William Glasser, MD, who received his MD degress in 1953 from Case Western Reserve University was an American psychiatrist. William was awarded an honorary doctorate in human letters by the University of San Francisco. Founder and Director of the Institute for Reality Therapy, he was authoer and editor of ten books on the topics of reality therapy and education. He was also the developer of Choice Theory. His ideas, which focus on personal choice, personal responsibility and personal transformation, are considered controversial by mainstream psychiatrists, who focus instead on classifying psychiatric syndromes as "illnesses", and who often prescribe psychotropic medications to treat mental disorders.
Lynn Hoffman, A.C.S.W., is an internationally renowned theorist and lecturer on family therapy who has written many books and articles including Techniques of Family Therapy, Foundations of Family Therapy, Milan Systemic Family Therapy and Exchanging Voices. She is currently Consultant to the Center for Collaborative Studies at North Central Human Services in Gardner, Mass., and serves on the faculty of the doctoral program at Smith School of Social Work. She is an emeritus faculty member of the Ackerman Institute for Family Therapy in New York. In 1988, Hoffman was awarded the Life Achievement Award for Distinguished Contribution to the Field of Family Therapy by the American Association for Marriage and Family Therapy. She is an advisory editor of Family Process. She received her M.S.W. in 1971 from the Adelphi School of Social Work.
Ernest L. Rossi, PhD, is an internationally renowned therapist, teacher and pioneer in the psychobiology of mind-body healing. The author of more than 24 professional books, Dr. Rossi worked with Milton Erickson for eight years and co-authored three classic volumes on therapeutic hypnosis with him. Rossi has also edited four volumes of Erickson's Collected Papers and four volumes of Erickson's Seminars, Workshops and Lectures. He has been conducting research in the psychosocial genomics of ultradian rhythms and their relation to mind-body healing and psychotherapy for over three decades.

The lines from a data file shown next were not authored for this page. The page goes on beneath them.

lemma Fel_star_free:
  assumes "g \<in> Tcar" and "\<And>w. g zeroQ w \<noteq> 0 \<Longrightarrow> \<tau> k \<notin> set w"
  shows "st (Fel k) g = (\<lambda>\<nu> w. if \<nu> = zeroQ then Fmul k (g zeroQ) w else 0)"
proof -
  have "dL a d q (\<tau> k) (g zeroQ) w = 0" for w
    unfolding dL_def using assms(2) by (intro sum.neutral) fastforce
  then show ?thesis
    unfolding Fel_star[OF assms(1)] Fstar_rhs_def by (auto intro!: ext)
qed

lemma Fel_star_fixed_support:
  assumes "\<tau> k = k" and "g \<in> Tcar" and "st (Fel k) g \<mu> w \<noteq> 0"
  shows "\<mu> = zeroQ \<and> ((\<exists>u. w = k # u \<and> g zeroQ u \<noteq> 0)
           \<or> (\<exists>p \<le> length w. g zeroQ (take p w @ k # drop p w) \<noteq> 0))"
proof -
  have "\<mu> = zeroQ" and "Fmul k (g zeroQ) w \<noteq> 0 \<or> dL a d q k (g zeroQ) w \<noteq> 0"
    using assms(3) unfolding Fel_star_fixed[OF assms(1,2)] by (auto split: if_splits)
  then show ?thesis
    using Fmul_nonzero[of k "g zeroQ" w] dL_nonzero[of a d q k "g zeroQ" w] by blast
qed

lemma leading_word_Fel_star_fixed:
  assumes "\<tau> k = k" and lead: "leading_word W w0 X"
    and cons_closed: "\<And>u. u \<in> W \<Longrightarrow> k # u \<in> W"
    and delete_closed: "\<And>w p. take p w @ k # drop p w \<in> W \<Longrightarrow> w \<in> W"
  shows "leading_word W (k # w0) (st (Fel k) X)"
proof -
  have X: "X \<in> Tcar" using leading_word_Tcar[OF lead] .
  have supp: "\<mu> = zeroQ \<and> w \<in> W \<and> (length w < length w0 \<or> w = w0)" if "X \<mu> w \<noteq> 0" for \<mu> w
    using lead that unfolding leading_word_def by blast
  have "\<mu> = zeroQ \<and> w \<in> W \<and> (length w < length (k # w0) \<or> w = k # w0)"
    if "st (Fel k) X \<mu> w \<noteq> 0" for \<mu> w
    using Fel_star_fixed_support[OF assms(1) X that]
  proof (elim conjE disjE exE)
    fix u assume "\<mu> = zeroQ" and "w = k # u" and "X zeroQ u \<noteq> 0"
    then show ?thesis using supp[OF \<open>X zeroQ u \<noteq> 0\<close>] cons_closed[of u] by auto
  next
    fix p assume "\<mu> = zeroQ" and "p \<le> length w" and "X zeroQ (take p w @ k # drop p w) \<noteq> 0"
    with supp[OF this(3)] delete_closed[of p w] show ?thesis by auto
  qed
  moreover have "dL a d q k (X zeroQ) (k # w0) = 0"
  proof (rule ccontr)
    assume "dL a d q k (X zeroQ) (k # w0) \<noteq> 0"
    then obtain p where "p \<le> length (k # w0)"
      and "X zeroQ (take p (k # w0) @ k # drop p (k # w0)) \<noteq> 0"
      using dL_nonzero by blast
    from this(1) supp[OF this(2)] show False
      by (auto dest: arg_cong[of _ _ length])
  qed
  then have "st (Fel k) X zeroQ (k # w0) = 1"
    using lead unfolding Fel_star_fixed[OF assms(1) X] leading_word_def by (simp add: Fmul_def)
  ultimately show ?thesis unfolding leading_word_def by blast
qed

lemma leading_word_Fel_star_free:
  assumes lead: "leading_word W w0 X" and "\<And>w. w \<in> W \<Longrightarrow> \<tau> k \<notin> set w"
    and "\<And>u. u \<in> W \<Longrightarrow> k # u \<in> W'"
  shows "leading_word W' (k # w0) (st (Fel k) X)"
proof -
  have X: "X \<in> Tcar" using leading_word_Tcar[OF lead] .
  have "st (Fel k) X = (\<lambda>\<nu> w. if \<nu> = zeroQ then Fmul k (X zeroQ) w else 0)"
    using lead assms(2) by (intro Fel_star_free[OF X]) (auto simp: leading_word_def)
  with lead assms(3) show ?thesis
    unfolding leading_word_def by (auto simp: Fmul_def split: list.splits if_splits)
qed

lemma leading_word_starpow:
  assumes "\<tau> k = k" and "[] \<in> W"
    and "\<And>u. u \<in> W \<Longrightarrow> k # u \<in> W"
    and "\<And>w p. take p w @ k # drop p w \<in> W \<Longrightarrow> w \<in> W"
  shows "leading_word W (replicate r k) (starpow st (Fel k) r)"
proof (induction r)
  case 0
  show ?case using leading_word_oneA[OF assms(2)] by simp
next
  case (Suc r)
  show ?case using leading_word_Fel_star_fixed[OF assms(1) Suc assms(3,4)] by simp
qed

lemma leading_word_starpow_star:
  assumes "\<tau> k = k" and lead: "leading_word W w0 X"
    and "\<And>u. u \<in> W \<Longrightarrow> k # u \<in> W"
    and "\<And>w p. take p w @ k # drop p w \<in> W \<Longrightarrow> w \<in> W"
  shows "leading_word W (replicate r k @ w0) (st (starpow st (Fel k) r) X)"
proof (induction r)
  case 0
  show ?case using lead oneA_star[OF leading_word_Tcar[OF lead]] by simp
next
  case (Suc r)
  have "X \<in> Acar \<tau>" and "Fel k \<in> Acar \<tau>"
    using leading_word_Tcar[OF lead] Fel_Tcar Tcar_subset_Acar by blast+
  then have "st (starpow st (Fel k) (Suc r)) X = st (Fel k) (st (starpow st (Fel k) r) X)"
    using star_assoc[OF _ starpow_Acar] by simp
  then show ?case using leading_word_Fel_star_fixed[OF assms(1) Suc assms(3,4)] by simp
qed

lemma leading_word_Fel_power_product:
  assumes "\<tau> i = i" and "\<tau> j \<noteq> i" and "i \<noteq> j"
  shows "leading_word (two_letter_words i j 1) (replicate r i @ j # replicate s i)
    (st (st (starpow st (Fel i) r) (Fel j)) (starpow st (Fel i) s))"
proof -
  note i_closed = Cons_two_letter_words(1)[OF assms(3)] insert_at_two_letter_words[OF assms(3)]
  have "leading_word (two_letter_words i j 0) (replicate s i) (starpow st (Fel i) s)"
    using leading_word_starpow[OF assms(1) Nil_two_letter_words i_closed] .
  then have "leading_word (two_letter_words i j 1) (j # replicate s i) (st (Fel j) (starpow st (Fel i) s))"
    by (rule leading_word_Fel_star_free)
      (use assms(2) two_letter_words_0_subset Cons_two_letter_words(2) in fastforce)+
  then have "leading_word (two_letter_words i j 1) (replicate r i @ j # replicate s i)
      (st (starpow st (Fel i) r) (st (Fel j) (starpow st (Fel i) s)))"
    by (rule leading_word_starpow_star[OF assms(1) _ i_closed])
  moreover have "Fel j \<in> Acar \<tau>" using Fel_Tcar Tcar_subset_Acar by blast
  then have "st (st (starpow st (Fel i) r) (Fel j)) (starpow st (Fel i) s)
      = st (starpow st (Fel i) r) (st (Fel j) (starpow st (Fel i) s))"
    by (rule star_assoc[OF starpow_Acar _ starpow_Acar])
  ultimately show ?thesis by simp
qed

lemma Fel_power_products_unitriangular:
  assumes "\<tau> i = i" and "\<tau> j \<noteq> i" and "i \<noteq> j"
  shows "unitriangular
    (\<lambda>(r, s). st (st (starpow st (Fel i) r) (Fel j)) (starpow st (Fel i) s))
    (\<lambda>(r, s). replicate r i @ j # replicate s i) (\<lambda>(r, s). r + s)"
proof
  show "inj (\<lambda>(r, s). replicate r i @ j # replicate s i)"
    using assms(3) by (rule replicate_Cons_replicate_inj)
  show "finite {p. (case p of (r, s) \<Rightarrow> r + s) = N}" for N :: nat
    by (rule finite_subset[of _ "{..N} \<times> {..N}"]) auto
  show "(case p of (r, s) \<Rightarrow> st (st (starpow st (Fel i) r) (Fel j)) (starpow st (Fel i) s)) zeroQ
      (case p of (r, s) \<Rightarrow> replicate r i @ j # replicate s i) = 1" for p
    using leading_word_Fel_power_product[OF assms] unfolding leading_word_def by (cases p) simp
next
  fix p \<mu> w
  assume nonzero: "(case p of (r, s) \<Rightarrow> st (st (starpow st (Fel i) r) (Fel j)) (starpow st (Fel i) s)) \<mu> w \<noteq> 0"
  obtain r s where p: "p = (r, s)" by fastforce
  with nonzero leading_word_Fel_power_product[OF assms, of r s] have "\<mu> = zeroQ" and "w \<in> two_letter_words i j 1"
    and lower: "length w < length (replicate r i @ j # replicate s i) \<or> w = replicate r i @ j # replicate s i"
    unfolding leading_word_def by auto
  from this(2) obtain r' s' where w: "w = replicate r' i @ j # replicate s' i"
    by (rule two_letter_words_1_cases)
  have "r' + s' < r + s \<or> (r', s') = (r, s)"
    using lower
  proof
    assume "w = replicate r i @ j # replicate s i"
    then show ?thesis
      using w injD[OF replicate_Cons_replicate_inj[OF assms(3)], of "(r', s')" "(r, s)"] by simp
  qed (simp add: w)
  with \<open>\<mu> = zeroQ\<close> w p show "\<mu> = zeroQ \<and> (\<exists>p'. w = (case p' of (r, s) \<Rightarrow> replicate r i @ j # replicate s i)
      \<and> ((case p' of (r, s) \<Rightarrow> r + s) < (case p of (r, s) \<Rightarrow> r + s) \<or> p' = p))"
    by (intro conjI exI[of _ "(r', s')"]) auto
qed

Joseph Wolpe, MD, was a South African psychiatrist, one of the most influential figures in Behavior Therapy. Wolpe grew up in South Africa, attending Parktown Boys' High School. Joseph received his M.D. in 1948 from the University of Whitatersrand in Johannesburg, South Africa. He was Emeritus Professor fo Psychiatry and Former Director of Behavior Therapy Unity at Temple University Medical School. He was Professor of Psychiatry at the Medical College of Pennsylvania. One of the leading practitioners of behavior therapy, he has authored three books and co-edited two, and has more than 200 professional publications. He cofounded the Journal of Behavior Therapy and Experimental Psychiatry. He is receipient of the Distinguished Scientific Award for the Applications of Psychology from the American Psychological Association.